GOAL OF THE EXERCISE
Which lines of the entries below run from the one holding "define X where" to the one holding "X_def by auto", inclusive? Set down exactly those lines and no others.

AVAILABLE DATA

(* In the setting below, for every nonempty $A\subseteq[n]$: $\Pr_{\psi\sim\Psi}(E_1(\psi)\wedge E_2(\psi)\wedge E_3(\psi)\wedge\neg E_4(\psi))\le 2^{-6}$.
   Context: $[N]:=\{0,\dots,N-1\}$. Fix integers $n\ge1$ and real $0<\varepsilon<1$. Let $b:=2^{\lceil\log_2(9\cdot 2^{23}\varepsilon^{-2})\rceil}$ and $k:=\lceil\tfrac{15}{2}\ln b+16\rceil$. Hash families: for $d\ge1$, identify $[2^d]$ with $\mathrm{GF}(2^d)$ via binary representation. For $k'\ge1$, $N\le 2^d$, $c\le d$, $\mathcal H_{k'}([N],[2^c])$ is the uniform distribution over tuples $(a_0,\dots,a_{k'-1})\in\mathrm{GF}(2^d)^{k'}$, each giving $x\mapsto(\sum_ia_ix^i)\bmod 2^c$ on $[N]$; $\mathcal G_{k'}([N])$ is uniform over the same tuples giving $x\mapsto\mathrm{tz}(\sum_ia_ix^i)$, $\mathrm{tz}(y)$ = number of trailing zeros of the $d$-bit representation of $y$ ($\mathrm{tz}(0)=d$). Here $d$ is a fixed integer with $2^d\ge N$, $d\ge c$. $\Psi:=\mathcal G_2([n])\times\mathcal H_2([n],[2^5b^2])\times\mathcal H_k([2^5b^2],[b])$ with the uniform product distribution; $\psi=(f,g,h)$. For fixed nonempty $A\subseteq[n]$: $t(f):=\max_{a\in A}f(a)-\log_2b+9$; $s(f):=\max(0,t(f))$; $R(f):=\{a\in A: f(a)\ge s(f)\}$; $p(\psi):=|\{j\in[b]:\exists a\in A,\ h(g(a))=j,\ f(a)\ge s(f)\}|$; $\rho(x):=b(1-(1-b^{-1})^x)$. Events: $E_1(\psi)$: $2^{-16}b\le 2^{-t(f)}|A|\le 2^{-1}b$; $E_2(\psi)$: $\big||R(f)|-2^{-s(f)}|A|\big|\le\frac{\varepsilon}{3}2^{-s(f)}|A|$; $E_3(\psi)$: $g(a)\ne g(a')$ for all distinct $a,a'\in R(f)$; $E_4(\psi)$: $|p(\psi)-\rho(|R(f)|)|\le\frac{\varepsilon}{12}|R(f)|$. *)

theory Defs
  imports "HOL-Library.Z2" "HOL-Computational_Algebra.Polynomial_Factorial"
          "HOL-Probability.Probability"
begin
lemma case_third_with_leaf_twin_x3:
  assumes not_unique: "\<not> unique_nbhd (V - {xs ! 0, xs ! 1, xs ! 2}) (xs ! 3)"
  shows "g (reduced_order V) \<le> i_max V E"
proof -
  obtain t z where t: "t \<in> V" "t \<notin> {xs ! 0, xs ! 1, xs ! 2, xs ! 3, y}" "E (xs ! 3) t"
    "N V (xs ! 3) \<subseteq> {xs ! 0, xs ! 1, xs ! 2, t}"
    and z: "z \<in> V" "z \<notin> {xs ! 0, xs ! 1, xs ! 2, xs ! 3, y}" "N V z = {t}"
    using third_leaf_obstruction[OF not_unique] .
  define X where "X = {xs ! 0, xs ! 1, xs ! 2, y, xs ! 3}"
  have "g (reduced_order V - card X - card ({} :: 'a set)) \<le> i_max (V - X) E"
  proof (rule deletion_bound)
    fix c assume c: "c \<in> V - X - {}" and "N V c \<inter> X \<noteq> {}"
    then obtain x where "x \<in> X" "c \<in> N V x"
      using in_N_commute[of _ V c] x_in third_leaf unfolding X_def by blast
    then have "c = t" using c N_first N_x1 N_x2 N_y t(4) unfolding X_def by auto
    have z_in: "z \<in> N (V - X) t" using z t(1) in_N_commute[of z V t] by (auto simp: X_def N_Diff)
    show "unique_nbhd (V - X) c"
    proof (cases "N (V - X) t = {z}")
      case True
      then show ?thesis using unique_nbhd_leaf[of "V - X" V t z] z \<open>c = t\<close> by auto
    next
      case False
      then obtain q where "q \<in> N (V - X) t" "q \<noteq> z" using z_in by blast
      then show ?thesis using unique_nbhd_two_neighbours z_in \<open>c = t\<close> by blast
    qed
  qed (use x_in third_leaf in \<open>auto simp: X_def\<close>)
  moreover have "card X = 5" using x_distinct third_leaf by (auto simp: X_def)
  moreover have "6 \<le> reduced_order V"
  proof -
    have "card {xs ! 0, xs ! 1, xs ! 2, xs ! 3, y, t} = 6" using x_distinct third_leaf t(2) by auto
    moreover have "N V t \<noteq> {}" using t(1,3) x_in in_N_commute[of "xs ! 3" V t] by (auto simp: in_N_iff)
    then have "card {xs ! 0, xs ! 1, xs ! 2, xs ! 3, y, t} \<le> reduced_order V"
      using x_in x_non_isolated third_leaf t(1) N_y by (intro card_le_reduced_order_twin_free) auto
    ultimately show ?thesis by simp
  qed
  ultimately show ?thesis
    using i_max_split_third_leaf bound_delete_third_leaf g_le_triple_g_minus_5[of "reduced_order V"]
    unfolding X_def by simp
qed

end

lemma case_third_leaves_only:
  assumes leaf: "\<And>w. w \<in> N V (xs ! 2) - {xs ! 1, xs ! 3} \<Longrightarrow> N V w = {xs ! 2}"
  shows "g (reduced_order V) \<le> i_max V E"
proof -
  have x13: "xs ! 1 \<in> N V (xs ! 2)" "xs ! 3 \<in> N V (xs ! 2)" using x_in x_edges by (auto simp: in_N_iff)
  consider (degree_two) "N V (xs ! 2) = {xs ! 1, xs ! 3}"
    | (one_leaf) y where "y \<in> N V (xs ! 2) - {xs ! 1, xs ! 3}" "N V (xs ! 2) = {xs ! 1, xs ! 3, y}"
  proof (cases "N V (xs ! 2) - {xs ! 1, xs ! 3} = {}")
    case False
    then obtain y where y: "y \<in> N V (xs ! 2) - {xs ! 1, xs ! 3}" by blast
    have "w = y" if "w \<in> N V (xs ! 2) - {xs ! 1, xs ! 3}" for w
      using inj_onD[OF twin_free] leaf[OF that] leaf[OF y] that y by (auto simp: in_N_iff)
    then show thesis using that(2)[OF y] x13 y by blast
  qed (use x13 in blast)
  then show ?thesis
  proof cases
    case degree_two
    then show ?thesis
      using case_third_degree_two_shared_leaf case_third_degree_two by blast
  next
    case (one_leaf y)
    then show ?thesis
      using case_third_with_leaf_unique_x3 case_third_with_leaf_twin_x3 leaf by blast
  qed
qed

lemma long_path_case: "g (reduced_order V) \<le> i_max V E"
  using case_third_has_deep_neighbour case_third_leaves_only by blast

end

context acyclic_graph
begin

lemma longest_path_exists:
  assumes "finite V" and "is_path ys" "set ys \<subseteq> V"
  obtains xs where "is_path xs" "set xs \<subseteq> V"
    "\<And>zs. is_path zs \<Longrightarrow> set zs \<subseteq> V \<Longrightarrow> length zs \<le> length xs"
proof -
  have "length zs < Suc (card V)" if "is_path zs \<and> set zs \<subseteq> V" for zs
  proof -
    have "length zs = card (set zs)" using that distinct_card unfolding is_path_def by metis
    then show ?thesis using card_mono[OF assms(1), of "set zs"] that by simp
  qed
  then have "\<exists>xs. (is_path xs \<and> set xs \<subseteq> V)
      \<and> (\<forall>zs. is_path zs \<and> set zs \<subseteq> V \<longrightarrow> length zs \<le> length xs)"
    using ex_has_greatest_nat[of "\<lambda>zs. is_path zs \<and> set zs \<subseteq> V" ys length "Suc (card V)"]
      assms(2,3) by blast
  then show thesis using that by blast
qed

end

context reduction_step
begin

lemma twin_free_case: "g (reduced_order V) \<le> i_max V E"
proof (cases "\<forall>a\<in>V. N V a = {}")
  case True
  then show ?thesis by (rule edgeless_case)
next
  case False
  then obtain a b where ab: "a \<in> V" "b \<in> N V a" by blast
  show ?thesis
  proof (cases "\<exists>u\<in>V. \<exists>v. N V u = {v} \<and> N V v = {u}")
    case True
    then show ?thesis using edge_component_case by blast
  next
    case no_edge_component: False
    have "is_path [a, b]" "set [a, b] \<subseteq> V" using ab irrefl by (auto simp: is_path_def in_N_iff)
    then obtain xs where xs: "is_path xs" "set xs \<subseteq> V"
      "\<And>zs. is_path zs \<Longrightarrow> set zs \<subseteq> V \<Longrightarrow> length zs \<le> length xs"
      using longest_path_exists finite by blast
    then have "2 \<le> length xs" using \<open>is_path [a, b]\<close> \<open>set [a, b] \<subseteq> V\<close> by force
    then have LP: "longest_path E V xs"
      unfolding longest_path_def longest_path_axioms_def
      using acyclic_graph_axioms xs twin_free by blast
    interpret longest_path E V xs by (rule LP)
    have "4 \<le> length xs" using four_le_length_if_no_edge_component no_edge_component by blast
    then interpret long_path_step E V xs
      by (intro long_path_step.intro reduction_step_axioms LP long_path_step_axioms.intro)
    show ?thesis by (rule long_path_case)
  qed
qed

end

context acyclic_graph
begin

theorem g_reduced_order_le_i_max:
  "finite V \<Longrightarrow> g (reduced_order V) \<le> i_max V E"
proof (induction "card V" arbitrary: V rule: less_induct)
  case less
  have IH: "g (reduced_order V') \<le> i_max V' E" if "V' \<subset> V" for V'
    using less.hyps[of V'] psubset_card_mono[OF less.prems that] finite_subset[of V' V] less.prems that
    by blast
  show ?case
  proof (cases "inj_on (N V) V")
    case True
    then interpret reduction_step E V using less.prems IH by unfold_locales
    show ?thesis by (rule twin_free_case)
  next
    case False
    then obtain u v where uv: "u \<in> V" "v \<in> V" "u \<noteq> v" "N V u = N V v"
      unfolding inj_on_def by blast
    then show ?thesis
      using IH[of "V - {v}"] i_max_remove_twin[OF less.prems uv] reduced_order_remove_twin[OF uv]
      by auto
  qed
qed

end

theorem corollary4p8:
  fixes V :: "'a set" and E :: "'a \<Rightarrow> 'a \<Rightarrow> bool"
  assumes "forest V E" and "twin_free V E" and "card V \<ge> 2"
  shows "i_max V E \<ge> f (card V - 1)"
proof -
  interpret acyclic_graph E using forest_imp_acyclic_graph[OF assms(1)] .
  have finite: "finite V" using assms(1) by (simp add: forest_def simple_graph_def)
  have "inj_on (N V) V" using assms(2) unfolding twin_free_def inj_on_def by blast
  then have "card V - 1 \<le> reduced_order V" using card_minus_1_le_reduced_order finite by blast
  then have "f (card V - 1) \<le> g (reduced_order V)" using f_le_g g_mono le_trans by blast
  also have "\<dots> \<le> i_max V E" using g_reduced_order_le_i_max[OF finite] .
  finally show ?thesis .
qed

end
(* Let $A$, $c$, $B$ be as in the context, let $b\in\mathbb NA$, let $u\in\mathbb N^n$ with $Au=b$, and let $\tau\subseteq\{1,\dots,n\}$ be arbitrary. The group relaxation $G^\tau(b)$, i.e. the program $$\min\{(-cB)\cdot z : B^{\bar\tau}z\le\pi_\tau(u),\ z\in\mathbb Z^{n-d}\},$$ has a finite optimal solution if and only if $\tau$ is a face of $\Delta_c$.
   Context: $A\in\mathbb Z^{d\times n}$ has rank $d$, columns $a_1,\dots,a_n$, $cone(A)$ is pointed, $\{x\in\mathbb R^n_{\ge0}:Ax=0\}=\{0\}$, $\mathbb ZA=\mathbb Z^d$, and $\mathbb NA=\{Au:u\in\mathbb N^n\}$. The regular subdivision $\Delta_c$ of $cone(A)$ with respect to $c\in\mathbb Z^n$ is the collection of index sets $\sigma\subseteq\{1,\dots,n\}$ such that there exists $y\in\mathbb R^d$ with $y\cdot a_j=c_j$ for $j\in\sigma$ and $y\cdot a_j<c_j$ for $j\notin\sigma$; $c$ is assumed generic, meaning $\Delta_c$ is a triangulation of $cone(A)$. $B\in\mathbb Z^{n\times(n-d)}$ is a matrix whose columns form a basis of the lattice $\{x\in\mathbb Z^n:Ax=0\}$. For $\tau\subseteq\{1,\dots,n\}$ with complement $\bar\tau$, $B^{\bar\tau}$ is the submatrix of $B$ obtained by deleting the rows indexed by $\tau$, and $\pi_\tau:\mathbb R^n\to\mathbb R^{|\bar\tau|}$ deletes the coordinates indexed by $\tau$. (For $\tau$ a face of $\Delta_c$ this program is equivalent to Gomory's group relaxation $\min\{\tilde c_{\bar\tau}\cdot x_{\bar\tau}: A_\tau x_\tau+A_{\bar\tau}x_{\bar\tau}=b,\ x_{\bar\tau}\ge0,\ x\in\mathbb Z^n\}$, where $\tilde c_{\bar\tau}$ is $c_{\bar\sigma}-c_\sigma A_\sigma^{-1}A_{\bar\sigma}$ extended by zeros for a maximal face $\sigma\supseteq\tau$; for arbitrary $\tau$ the group relaxation is defined by the displayed program.) *)

theory Defs
  imports Complex_Main
begin

text \<open>Conventions: indices are 0-based. A d x n integer matrix is a function
  A :: nat => nat => int, where only entries A i j with i < d, j < n matter.
  Column j of A is a_j = (A 0 j, ..., A (d-1) j). Vectors in R^d / Z^n are
  functions nat => real / nat => int, only the first d / n entries matter.\<close>

definition full_row_rank :: "nat \<Rightarrow> nat \<Rightarrow> (nat \<Rightarrow> nat \<Rightarrow> int) \<Rightarrow> bool" where
  "full_row_rank d n A \<longleftrightarrow>
     (\<forall>y::nat \<Rightarrow> real. (\<forall>j<n. (\<Sum>i<d. y i * of_int (A i j)) = 0) \<longrightarrow> (\<forall>i<d. y i = 0))"

definition cone_of :: "nat \<Rightarrow> (nat \<Rightarrow> nat \<Rightarrow> int) \<Rightarrow> nat set \<Rightarrow> (nat \<Rightarrow> real) set" where
  "cone_of d A S = {v. (\<forall>i\<ge>d. v i = 0) \<and>
      (\<exists>x::nat \<Rightarrow> real. (\<forall>j\<in>S. x j \<ge> 0) \<and> (\<forall>i<d. v i = (\<Sum>j\<in>S. of_int (A i j) * x j)))}"

definition pointed_cone :: "(nat \<Rightarrow> real) set \<Rightarrow> bool" where
  "pointed_cone C \<longleftrightarrow> (\<forall>v. v \<in> C \<and> (\<lambda>i. - v i) \<in> C \<longrightarrow> (\<forall>i. v i = 0))"

definition pos_kernel_trivial :: "nat \<Rightarrow> nat \<Rightarrow> (nat \<Rightarrow> nat \<Rightarrow> int) \<Rightarrow> bool" where
  "pos_kernel_trivial d n A \<longleftrightarrow>
     (\<forall>x::nat \<Rightarrow> real. (\<forall>j<n. x j \<ge> 0) \<and> (\<forall>i<d. (\<Sum>j<n. of_int (A i j) * x j) = 0)
        \<longrightarrow> (\<forall>j<n. x j = 0))"

definition generates_lattice :: "nat \<Rightarrow> nat \<Rightarrow> (nat \<Rightarrow> nat \<Rightarrow> int) \<Rightarrow> bool" where
  "generates_lattice d n A \<longleftrightarrow>
     (\<forall>b::nat \<Rightarrow> int. \<exists>x::nat \<Rightarrow> int. \<forall>i<d. (\<Sum>j<n. A i j * x j) = b i)"

definition in_NA :: "nat \<Rightarrow> nat \<Rightarrow> (nat \<Rightarrow> nat \<Rightarrow> int) \<Rightarrow> (nat \<Rightarrow> int) \<Rightarrow> bool" where
  "in_NA d n A b \<longleftrightarrow> (\<exists>u::nat \<Rightarrow> nat. \<forall>i<d. b i = (\<Sum>j<n. A i j * int (u j)))"

definition regular_subdivision ::
    "nat \<Rightarrow> nat \<Rightarrow> (nat \<Rightarrow> nat \<Rightarrow> int) \<Rightarrow> (nat \<Rightarrow> int) \<Rightarrow> nat set set" where
  "regular_subdivision d n A c = {\<sigma>. \<sigma> \<subseteq> {0..<n} \<and>
     (\<exists>y::nat \<Rightarrow> real. \<forall>j<n.
        (j \<in> \<sigma> \<longrightarrow> (\<Sum>i<d. y i * of_int (A i j)) = of_int (c j)) \<and>
        (j \<notin> \<sigma> \<longrightarrow> (\<Sum>i<d. y i * of_int (A i j)) < of_int (c j)))}"

text \<open>c is generic: Delta_c is a triangulation of cone(A), i.e. the cones of its
  faces cover cone(A) and every face is simplicial (its columns are linearly
  independent).\<close>
definition generic_cost :: "nat \<Rightarrow> nat \<Rightarrow> (nat \<Rightarrow> nat \<Rightarrow> int) \<Rightarrow> (nat \<Rightarrow> int) \<Rightarrow> bool" where
  "generic_cost d n A c \<longleftrightarrow>
     (\<forall>\<sigma>\<in>regular_subdivision d n A c. \<forall>w::nat \<Rightarrow> real.
        (\<forall>i<d. (\<Sum>j\<in>\<sigma>. w j * of_int (A i j)) = 0) \<longrightarrow> (\<forall>j\<in>\<sigma>. w j = 0)) \<and>
     cone_of d A {0..<n} = (\<Union>\<sigma>\<in>regular_subdivision d n A c. cone_of d A \<sigma>)"

definition kernel_lattice_basis ::
    "nat \<Rightarrow> nat \<Rightarrow> (nat \<Rightarrow> nat \<Rightarrow> int) \<Rightarrow> (nat \<Rightarrow> nat \<Rightarrow> int) \<Rightarrow> bool" where
  "kernel_lattice_basis d n A B \<longleftrightarrow>
     (\<forall>k<n-d. \<forall>i<d. (\<Sum>j<n. A i j * B j k) = 0) \<and>
     (\<forall>x::nat \<Rightarrow> int. (\<forall>i<d. (\<Sum>j<n. A i j * x j) = 0) \<longrightarrow>
        (\<exists>!z::nat \<Rightarrow> int. (\<forall>k\<ge>n-d. z k = 0) \<and> (\<forall>j<n. x j = (\<Sum>k<n-d. B j k * z k))))"

definition gr_feasible ::
    "nat \<Rightarrow> nat \<Rightarrow> (nat \<Rightarrow> nat \<Rightarrow> int) \<Rightarrow> nat set \<Rightarrow> (nat \<Rightarrow> nat) \<Rightarrow> (nat \<Rightarrow> int) \<Rightarrow> bool" where
  "gr_feasible d n B \<tau> u z \<longleftrightarrow> (\<forall>k\<ge>n-d. z k = 0) \<and>
     (\<forall>j<n. j \<notin> \<tau> \<longrightarrow> (\<Sum>k<n-d. B j k * z k) \<le> int (u j))"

TASK RESPONSE
  define X where "X = {xs ! 0, xs ! 1, xs ! 2, y, xs ! 3}"
  have "g (reduced_order V - card X - card ({} :: 'a set)) \<le> i_max (V - X) E"
  proof (rule deletion_bound)
    fix c assume c: "c \<in> V - X - {}" and "N V c \<inter> X \<noteq> {}"
    then obtain x where "x \<in> X" "c \<in> N V x"
      using in_N_commute[of _ V c] x_in third_leaf unfolding X_def by blast
    then have "c = t" using c N_first N_x1 N_x2 N_y t(4) unfolding X_def by auto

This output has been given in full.